Data supplied:
○ ○ ○ ○ ○

lemma finite_set_family_if_finite_scalars:
  assumes "finite (UNIV :: 'a set)"
  shows "finite (\<S> :: 'b set set)"
proof (rule finite_subset[OF subset_UNIV])
  show "finite (UNIV :: 'b set set)"
    using finite_vectors_if_finite_scalars[OF assms] by (simp only: Finite_Set.finite_set)
qed

lemma dim_span_insert: "subspace S \<Longrightarrow> x \<notin> S \<Longrightarrow> dim (span (insert x S)) = dim S + 1"
  by (simp add: dim_insert span_eq_iff[THEN iffD2])

lemma dim_Int_add_le:
  assumes "subspace A" "subspace B" "A \<subseteq> B" "subspace V"
  shows "dim (B \<inter> V) + dim A \<le> dim (A \<inter> V) + dim B"
proof -
  let ?S = "{x + y |x y. x \<in> B \<inter> V \<and> y \<in> A}"
  have "dim ?S + dim (B \<inter> V \<inter> A) = dim (B \<inter> V) + dim A"
    using assms by (intro dim_sums_Int subspace_inter)
  moreover have "B \<inter> V \<inter> A = A \<inter> V"
    using \<open>A \<subseteq> B\<close> by blast
  ultimately have "dim ?S + dim (A \<inter> V) = dim (B \<inter> V) + dim A"
    by simp
  moreover have "dim ?S \<le> dim B"
    using assms by (intro dim_subset) (blast intro: subspace_add)
  ultimately show ?thesis
    by linarith
qed

end

locale finite_qmatroid = finite_dimensional_vector_space scale Basis
  for scale :: "'f::{field,finite} \<Rightarrow> 'v::ab_group_add \<Rightarrow> 'v" and Basis :: "'v set" +
  fixes rho :: "'v set \<Rightarrow> nat"
  assumes qmatroid: "qmatroid scale rho"
begin

lemma rank_mono: "subspace V \<Longrightarrow> subspace W \<Longrightarrow> V \<subseteq> W \<Longrightarrow> rho V \<le> rho W"
  using qmatroid unfolding qmatroid_def by blast

lemma rank_submodular:
  "subspace V \<Longrightarrow> subspace W \<Longrightarrow> rho (span (V \<union> W)) + rho (V \<inter> W) \<le> rho V + rho W"
  using qmatroid unfolding qmatroid_def by blast

lemmas finite_set_family = finite_set_family_if_finite_scalars[OF finite_UNIV]

lemma exists_qflat_closure:
  assumes "subspace A"
  obtains F where "qflat scale rho F" "A \<subseteq> F" "rho F = rho A"
proof -
  let ?S = "{W. subspace W \<and> A \<subseteq> W \<and> rho W = rho A}"
  have "A \<in> ?S"
    using assms by blast
  then obtain F where F: "subspace F" "A \<subseteq> F" "rho F = rho A"
    and F_maximal: "\<forall>W\<in>?S. F \<subseteq> W \<longrightarrow> F = W"
    using finite_has_maximal[OF finite_set_family, of ?S] by blast
  have "rho F < rho (span (insert x F))" if "x \<notin> F" for x
  proof -
    let ?G = "span (insert x F)"
    have "F \<subseteq> ?G" "F \<noteq> ?G"
      using that span_superset[of "insert x F"] by auto
    then have "rho ?G \<noteq> rho A"
      using F_maximal F(2) by auto
    moreover have "rho F \<le> rho ?G"
      using F(1) \<open>F \<subseteq> ?G\<close> by (intro rank_mono) auto
    ultimately show ?thesis
      using F(3) by simp
  qed
  then have "qflat scale rho F"
    using F(1) unfolding qflat_def by blast
  from this F(2,3) show thesis
    by (rule that)
qed

lemma rank_less_span_insert_if_qflat:
  assumes "qflat scale rho F" "subspace Z" "Z \<subseteq> F" "x \<notin> F"
  shows "rho Z < rho (span (insert x Z))"
proof -
  let ?Z' = "span (insert x Z)"
  have F: "subspace F" "rho F < rho (span (insert x F))"
    using assms(1,4) unfolding qflat_def by auto
  have "F \<union> ?Z' \<subseteq> span (insert x F)"
    using \<open>Z \<subseteq> F\<close> span_superset[of "insert x F"] span_mono[of "insert x Z" "insert x F"] by blast
  moreover have "insert x F \<subseteq> span (F \<union> ?Z')"
    using span_superset[of "F \<union> ?Z'"] span_superset[of "insert x Z"] by blast
  ultimately have "span (F \<union> ?Z') = span (insert x F)"
    by (simp add: span_eq)
  then have "rho (span (insert x F)) + rho (F \<inter> ?Z') \<le> rho F + rho ?Z'"
    using rank_submodular[OF F(1) subspace_span, of "insert x Z"] by simp
  moreover have "rho Z \<le> rho (F \<inter> ?Z')"
    using assms(2,3) F span_superset[of "insert x Z"] by (intro rank_mono subspace_inter) auto
  ultimately show ?thesis
    using F(2) by linarith
qed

○ ○ ○ ○ ○

Exercise goal: From the entries, copy every line in which the string "shows" can be found.

Task answer:
  shows "finite (\<S> :: 'b set set)"
  shows "dim (B \<inter> V) + dim A \<le> dim (A \<inter> V) + dim B"
  shows "rho Z < rho (span (insert x Z))"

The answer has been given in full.